He snorted. “That’s true. And you’ve gotten yourself into a lot of trouble that I usually had to get you out of.”
The trouble wasn’t usually her fault, though.
“Devi, what’s wrong? Are you in trouble?” Rohan asked.
“What? No. I’m not in trouble.”
“Devi. Don’t lie to me. What is it?”
“Our father,” she blurted out. Drat. She hadn’t meant to say anything. There was nothing Rohan could do in prison except worry about her. “He’s out on another bender.”

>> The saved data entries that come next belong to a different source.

lemma bounded_above_in_prob_laplace_factor:
  assumes M: "prob_space M" and "real_distribution Q"
    and "conv_in_distribution M L Q" and "big_O_p_1 M A" and "big_O_p_1 M D" and "small_o_p_1 M R"
  shows "bounded_above_in_prob M
    (\<lambda>n \<omega>. exp (L n \<omega> / 2) * \<bar>A n \<omega>\<bar> * exp (\<bar>D n \<omega>\<bar> / 2) * (1 + \<bar>R n \<omega>\<bar>))"
proof (intro bounded_above_in_prob_mult[OF M])
  have mono_exp_half: "mono (\<lambda>x::real. exp (x / 2))" and mono_add1: "mono (\<lambda>x::real. 1 + x)"
    by (auto intro!: monoI)
  show "bounded_above_in_prob M (\<lambda>n \<omega>. exp (L n \<omega> / 2))"
    using conv_in_distribution_bounded_above_in_prob[OF M assms(2,3)]
    by (rule bounded_above_in_prob_comp_mono[OF M mono_exp_half])
  show "bounded_above_in_prob M (\<lambda>n \<omega>. \<bar>A n \<omega>\<bar>)"
    using assms(4) by (rule big_O_p_1_imp_bounded_above_in_prob_abs)
  show "bounded_above_in_prob M (\<lambda>n \<omega>. exp (\<bar>D n \<omega>\<bar> / 2))"
    using big_O_p_1_imp_bounded_above_in_prob_abs[OF assms(5)]
    by (rule bounded_above_in_prob_comp_mono[OF M mono_exp_half])
  show "bounded_above_in_prob M (\<lambda>n \<omega>. 1 + \<bar>R n \<omega>\<bar>)"
    using big_O_p_1_imp_bounded_above_in_prob_abs[OF small_o_p_1_imp_big_O_p_1[OF assms(6)]]
    by (rule bounded_above_in_prob_comp_mono[OF M mono_add1])
qed auto
text \<open>Gal(K/Q): field automorphisms of K (they automatically fix Q), represented as
  functions that are the identity outside K; group operation is composition.\<close>
definition Gal :: "complex set \<Rightarrow> (complex \<Rightarrow> complex) set" where
  "Gal K = {\<sigma>. bij_betw \<sigma> K K \<and>
     (\<forall>x\<in>K. \<forall>y\<in>K. \<sigma> (x + y) = \<sigma> x + \<sigma> y \<and> \<sigma> (x * y) = \<sigma> x * \<sigma> y) \<and>
     (\<forall>x. x \<notin> K \<longrightarrow> \<sigma> x = x)}"

definition F :: "int \<Rightarrow> complex poly" where
  "F s = [: 1, 4, of_int (-6*s^2 - 6), of_int (4*s^3 - 4*s^2 + 8*s - 4), 1 :]"

end

(* Write k = sqrt(3s^2 - 4s + 4), so f = (s + k)/2, g = (s - k)/2 and (f^2 + g^2)/2 = c := s^2 - s + 1,
   and let M have matrix A = [f, -1; c, -g].  Clearing denominators, (c t - g)^4 F_s(M t) = -(k^4/4) F_s(t),
   so M permutes the roots of F_s.  Moreover A^2 = (k/2) N with N = [s, -2; 2c, -s] and N^2 = -k^2 I, so
   M^4 fixes every root, while a root fixed by M or by M^2 would satisfy c t^2 - s t + 1 = 0.  This is
   impossible because F_s is irreducible over Q: it has no root +-1, and a factorisation into integer
   quadratics forces s = 1 (then 3s^2 - 4s + 4 = 3 is not a square) or s = 0 (then a difference of
   coefficients would have square 32).  So M cycles the four roots, every root r generates all of them,
   and K_s = Q(r).  An automorphism of Q(r) is determined by the image of r, so there are exactly four;
   the one sending r to M r commutes with M, whose coefficients are rational, hence acts as M on all
   roots and generates the group. *)

theory Submission
  imports Defs "HOL-Computational_Algebra.Fundamental_Theorem_Algebra"
    "Berlekamp_Zassenhaus.Reconstruction"
begin

lemma subfield_zero: "is_subfield K \<Longrightarrow> 0 \<in> K"
  and subfield_one: "is_subfield K \<Longrightarrow> 1 \<in> K"
  and subfield_add: "is_subfield K \<Longrightarrow> x \<in> K \<Longrightarrow> y \<in> K \<Longrightarrow> x + y \<in> K"
  and subfield_mult: "is_subfield K \<Longrightarrow> x \<in> K \<Longrightarrow> y \<in> K \<Longrightarrow> x * y \<in> K"
  and subfield_uminus: "is_subfield K \<Longrightarrow> x \<in> K \<Longrightarrow> - x \<in> K"
  and subfield_inverse: "is_subfield K \<Longrightarrow> x \<in> K \<Longrightarrow> inverse x \<in> K"
  by (auto simp: is_subfield_def)

lemma subfield_divide: "is_subfield K \<Longrightarrow> x \<in> K \<Longrightarrow> y \<in> K \<Longrightarrow> x / y \<in> K"
  by (simp add: divide_inverse subfield_mult subfield_inverse)

lemma Rats_subset_subfield:
  assumes K: "is_subfield K"
  shows "\<rat> \<subseteq> K"
proof
  have nat: "of_nat n \<in> K" for n
    using K by (induction n) (simp_all add: subfield_zero subfield_one subfield_add)
  have int: "of_int n \<in> K" for n
  proof (cases "n \<ge> 0")
    case True
    then show ?thesis using nat[of "nat n"] by simp
  next
    case False
    then show ?thesis using subfield_uminus[OF K nat[of "nat (- n)"]] by simp
  qed
  fix x :: complex
  assume "x \<in> \<rat>"
  then obtain a b where "x = of_int a / of_int b" by (elim Rats_cases')
  then show "x \<in> K" using subfield_divide[OF K int int] by simp
qed

lemma gen_field_least: "is_subfield K \<Longrightarrow> S \<subseteq> K \<Longrightarrow> gen_field S \<subseteq> K"
  unfolding gen_field_def by blast

lemma gen_field_mono: "S \<subseteq> T \<Longrightarrow> gen_field S \<subseteq> gen_field T"
  unfolding gen_field_def by blast

lemma subset_gen_field: "S \<subseteq> gen_field S"
  unfolding gen_field_def by blast

section \<open>Moebius transformations\<close>

definition moebius :: "'a :: field \<Rightarrow> 'a \<Rightarrow> 'a \<Rightarrow> 'a \<Rightarrow> 'a \<Rightarrow> 'a" where
  "moebius a b c d z = (a * z + b) / (c * z + d)"
(* Define, for every $\sigma$-algebra $\mathcal{A}$ and $P,Q\in\Delta(\Theta,\mathcal{A})$, $D(Q\|P)=\operatorname{ess\,sup}_P(1-\frac{dQ}{dP})$ if $Q\ll P$ and $D(Q\|P)=\infty$ otherwise (the contamination divergence). Then $D$ satisfies properties (D1)–(D5) below. Moreover, for every $P\in\Delta(\Theta,\mathcal{B})$ and $\eta>0$, $$\{Q\in\Delta(\Theta,\mathcal{B}):D(Q\|P)\le\eta\}=\{Q\in\Delta(\Theta,\mathcal{B}):Q=(1-\eta)P+\eta R\text{ for some }R\in\Delta(\Theta,\mathcal{B})\text{ with }R\ll P\}.$$
   Context: $\Theta=[\underline\theta,\bar\theta]\subset\mathbb{R}$, Borel $\sigma$-algebra $\mathcal{B}$; "$\sigma$-algebra" means sub-$\sigma$-algebra of $\mathcal{B}$; $\Delta(\Theta,\mathcal{A})$ is the set of probability measures on $(\Theta,\mathcal{A})$; for $\mathcal{E}\subset\mathcal{A}$, $P_{\mathcal{E}}$ is the restriction of $P$ to $\mathcal{E}$. Properties, for every $\sigma$-algebra $\mathcal{A}$ and $P,Q\in\Delta(\Theta,\mathcal{A})$: (D1) $D(Q\|P)=0$ if $Q=P$; (D2) if $Q\ll P$ and $dQ/dP$ is bounded, $\epsilon\mapsto D(\epsilon Q+(1-\epsilon)P\|P)$ is continuous on $[0,1]$; (D3) $D(Q\|P)<\infty$ implies $Q\ll P$; (D4) $D(Q_{\mathcal{E}}\|P_{\mathcal{E}})\le D(Q\|P)$ for every sub-$\sigma$-algebra $\mathcal{E}\subset\mathcal{A}$; (D5) $D(Q_{\mathcal{E}}\|P_{\mathcal{E}})=D(Q\|P)$ if $dQ_{\mathcal{E}}/dP_{\mathcal{E}}=dQ/dP$ $P$-a.e. *)

theory Defs
  imports "HOL-Probability.Probability"
begin
(* Let $E$ be a graph with finitely many vertices and $K$ a field of characteristic $0$, and suppose the Leavitt path algebra $L_K(E)$ is noncommutative. Then the multiplicative group $L_K(E)^\times$ contains a non-cyclic free subgroup.
   Context: A graph $E=(E^0,E^1,r,s)$; the Leavitt path algebra $L_K(E)$ is the free associative $K$-algebra generated by $E^0\cup E^1\cup\{e^*:e\in E^1\}$ subject to: $vv'=\delta_{v,v'}v$; $s(e)e=er(e)=e$; $r(e)e^*=e^*s(e)=e^*$; $e^*f=\delta_{e,f}r(e)$; and $v=\sum_{s(e)=v}ee^*$ for every vertex $v$ emitting a finite nonzero number of edges. When $E^0$ is finite, $L_K(E)$ is unital with $1=\sum_{v\in E^0}v$, and $L_K(E)^\times$ is its group of units. *)

theory Defs
  imports "HOL-Algebra.Algebra"
begin

datatype ('v, 'e) lgen = Vx 'v | Ed 'e | Gh 'e

definition lgens :: "'v set \<Rightarrow> 'e set \<Rightarrow> ('v, 'e) lgen set" where
  "lgens V E = Vx ` V \<union> Ed ` E \<union> Gh ` E"

definition free_alg :: "'g set \<Rightarrow> ('g list \<Rightarrow> 'k::field) ring" where
  "free_alg A = \<lparr>carrier = {f. finite {w. f w \<noteq> 0} \<and> (\<forall>w. f w \<noteq> 0 \<longrightarrow> set w \<subseteq> A)},
                 monoid.mult = (\<lambda>f g w. \<Sum>i\<le>length w. f (take i w) * g (drop i w)),
                 monoid.one = (\<lambda>w. if w = [] then 1 else 0),
                 ring.zero = (\<lambda>w. 0),
                 ring.add = (\<lambda>f g w. f w + g w)\<rparr>"

definition mono :: "'g list \<Rightarrow> 'g list \<Rightarrow> 'k::field" where
  "mono w = (\<lambda>u. if u = w then 1 else 0)"

definition fdiff :: "('a \<Rightarrow> 'k::field) \<Rightarrow> ('a \<Rightarrow> 'k) \<Rightarrow> 'a \<Rightarrow> 'k" where
  "fdiff a b = (\<lambda>w. a w - b w)"

text \<open>The free algebra is built unital (empty word); the last relation identifies its unit with
  the sum of the vertices, which is the unit of L_K(E) for finite E^0.\<close>
definition lpa_rels :: "'v set \<Rightarrow> 'e set \<Rightarrow> ('e \<Rightarrow> 'v) \<Rightarrow> ('e \<Rightarrow> 'v)
    \<Rightarrow> (('v, 'e) lgen list \<Rightarrow> 'k::field) set" where
  "lpa_rels V E r s =
     {fdiff (mono [Vx v, Vx v']) (if v = v' then mono [Vx v] else (\<lambda>_. 0)) | v v'. v \<in> V \<and> v' \<in> V}
   \<union> {fdiff (mono [Vx (s e), Ed e]) (mono [Ed e]) | e. e \<in> E}
   \<union> {fdiff (mono [Ed e, Vx (r e)]) (mono [Ed e]) | e. e \<in> E}
   \<union> {fdiff (mono [Vx (r e), Gh e]) (mono [Gh e]) | e. e \<in> E}
   \<union> {fdiff (mono [Gh e, Vx (s e)]) (mono [Gh e]) | e. e \<in> E}
   \<union> {fdiff (mono [Gh e, Ed f]) (if e = f then mono [Vx (r e)] else (\<lambda>_. 0)) | e f. e \<in> E \<and> f \<in> E}
   \<union> {fdiff (mono [Vx v]) (\<lambda>w. \<Sum>e\<in>{e\<in>E. s e = v}. mono [Ed e, Gh e] w) | v.
        v \<in> V \<and> finite {e\<in>E. s e = v} \<and> {e\<in>E. s e = v} \<noteq> {}}
   \<union> {fdiff (mono []) (\<lambda>w. \<Sum>v\<in>V. mono [Vx v] w)}"

definition leavitt :: "'v set \<Rightarrow> 'e set \<Rightarrow> ('e \<Rightarrow> 'v) \<Rightarrow> ('e \<Rightarrow> 'v)
    \<Rightarrow> (('v, 'e) lgen list \<Rightarrow> 'k::field) set ring" where
  "leavitt V E r s =
     (free_alg (lgens V E)) Quot (genideal (free_alg (lgens V E)) (lpa_rels V E r s))"

definition noncommutative :: "('a, 'b) ring_scheme \<Rightarrow> bool" where
  "noncommutative R \<longleftrightarrow> (\<exists>x\<in>carrier R. \<exists>y\<in>carrier R. x \<otimes>\<^bsub>R\<^esub> y \<noteq> y \<otimes>\<^bsub>R\<^esub> x)"

text \<open>A word is a list of (generator, exponent sign); True = +1, False = -1.\<close>
definition word_eval :: "('a, 'b) monoid_scheme \<Rightarrow> ('a \<times> bool) list \<Rightarrow> 'a" where
  "word_eval G ws = foldr (\<lambda>(b, e) acc. (if e then b else inv\<^bsub>G\<^esub> b) \<otimes>\<^bsub>G\<^esub> acc) ws \<one>\<^bsub>G\<^esub>"

definition reduced_word :: "('a \<times> bool) list \<Rightarrow> bool" where
  "reduced_word ws \<longleftrightarrow>
     (\<forall>i. Suc i < length ws \<longrightarrow> \<not> (fst (ws ! i) = fst (ws ! Suc i) \<and> snd (ws ! i) \<noteq> snd (ws ! Suc i)))"

definition free_basis :: "('a, 'b) monoid_scheme \<Rightarrow> 'a set \<Rightarrow> bool" where
  "free_basis G B \<longleftrightarrow> B \<subseteq> carrier G \<and>
     (\<forall>ws. ws \<noteq> [] \<and> set (map fst ws) \<subseteq> B \<and> reduced_word ws \<longrightarrow> word_eval G ws \<noteq> \<one>\<^bsub>G\<^esub>)"

definition free_subgroup :: "('a, 'b) monoid_scheme \<Rightarrow> 'a set \<Rightarrow> bool" where
  "free_subgroup G H \<longleftrightarrow> subgroup H G \<and> (\<exists>B. free_basis G B \<and> generate G B = H)"

definition cyclic_subgroup :: "('a, 'b) monoid_scheme \<Rightarrow> 'a set \<Rightarrow> bool" where
  "cyclic_subgroup G H \<longleftrightarrow> (\<exists>g\<in>carrier G. H = generate G {g})"

end

theory Submission
  imports Defs
begin

text \<open>If some edge \<open>e\<close> is not a loop, then \<open>E11 = e e\<^sup>*\<close>, \<open>E12 = e\<close>, \<open>E21 = e\<^sup>*\<close> multiply
  like matrix units; if two distinct edges \<open>e, f\<close> have the same range, so do
  \<open>e e\<^sup>*\<close>, \<open>e f\<^sup>*\<close>, \<open>f e\<^sup>*\<close>. Then \<open>1 + 2 E12\<close> and \<open>1 + 2 E21\<close> act on the left ideal spanned by
  \<open>E11, E21\<close> like Sanov's matrices \<open>[[1, 2], [0, 1]]\<close> and \<open>[[1, 0], [2, 1]]\<close> on
  \<open>\<int>\<^sup>2 \<subseteq> K\<^sup>2\<close> (characteristic 0), and the ping-pong argument on the regions \<open>|y| < |x|\<close>
  and \<open>|x| < |y|\<close> shows that they generate a free group of rank two. Otherwise every
  vertex emits at most one edge, which is a loop, and \<open>L\<^sub>K(E)\<close> is commutative.
  That \<open>E11 \<noteq> 0\<close> comes down to vertices being nonzero, which is seen from the action of
  \<open>L\<^sub>K(E)\<close> on functions on maximal paths.\<close>

section \<open>The free algebra\<close>

definition word_conv :: "('g list \<Rightarrow> 'k::field) \<Rightarrow> ('g list \<Rightarrow> 'k) \<Rightarrow> 'g list \<Rightarrow> 'k" where
  "word_conv f g = (\<lambda>w. \<Sum>i\<le>length w. f (take i w) * g (drop i w))"

lemma free_alg_mult: "monoid.mult (free_alg A) = word_conv"
  by (rule ext)+ (simp add: free_alg_def word_conv_def)

lemma free_alg_add: "ring.add (free_alg A) = (\<lambda>f g w. f w + g w)"
  by (simp add: free_alg_def)

lemma free_alg_one: "monoid.one (free_alg A) = mono []"
  by (auto simp add: free_alg_def mono_def)

lemma free_alg_zero: "ring.zero (free_alg A) = (\<lambda>w. 0)"
  by (simp add: free_alg_def)

lemma free_alg_carrier:
  "carrier (free_alg A) = {f. finite {w. f w \<noteq> 0} \<and> (\<forall>w. f w \<noteq> 0 \<longrightarrow> set w \<subseteq> A)}"
  by (simp add: free_alg_def)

Rohan grimaced. “Christ, I had hoped he’d get his act together. Is it bad living with him?”
“I can handle Derick.”
“Are you sure?”
No, she wasn’t.
“I know what I’m doing when it comes to dear old dad,” she said confidently.
In reality she had no clue.
“You seem bigger,” she told him.
He raised his eyebrows. “Is that your way of telling me that I’m getting fat?”
“Uh, no. Of course not! Sheesh. I would never say that!”
“Because it seems like you’re getting too skinny.”
“Rohan!”
“Yes?” he drawled.
“You can’t comment on a woman’s weight.”
“But you’re not a woman. You’re my sister.”
“I’m still a woman,” she told him.
“You’re still gonna be the girl that I had to give the birds and the bees talk to. And help her with her first period.”
She grimaced. “God. Can we not talk about that? Although I’m still amazed you got that period book for me.”
“I stole it from the library.”
“You didn’t!”
He shrugged. “Well, I didn’t have money to buy one.”
“But . . . but a library is free! You could have signed up and borrowed it.”
“Um, yeah, I was seventeen and thought I was so cool. No way was I going to sign up to the library and then borrow a book about periods.”
“Hmm,” she said. “I see your point.” No seventeen-year-old boy wanted to be seen with a book on periods.
“What’s going on, Devi,” he murmured. “You look tired, you’ve lost weight. Is it all about the old man?”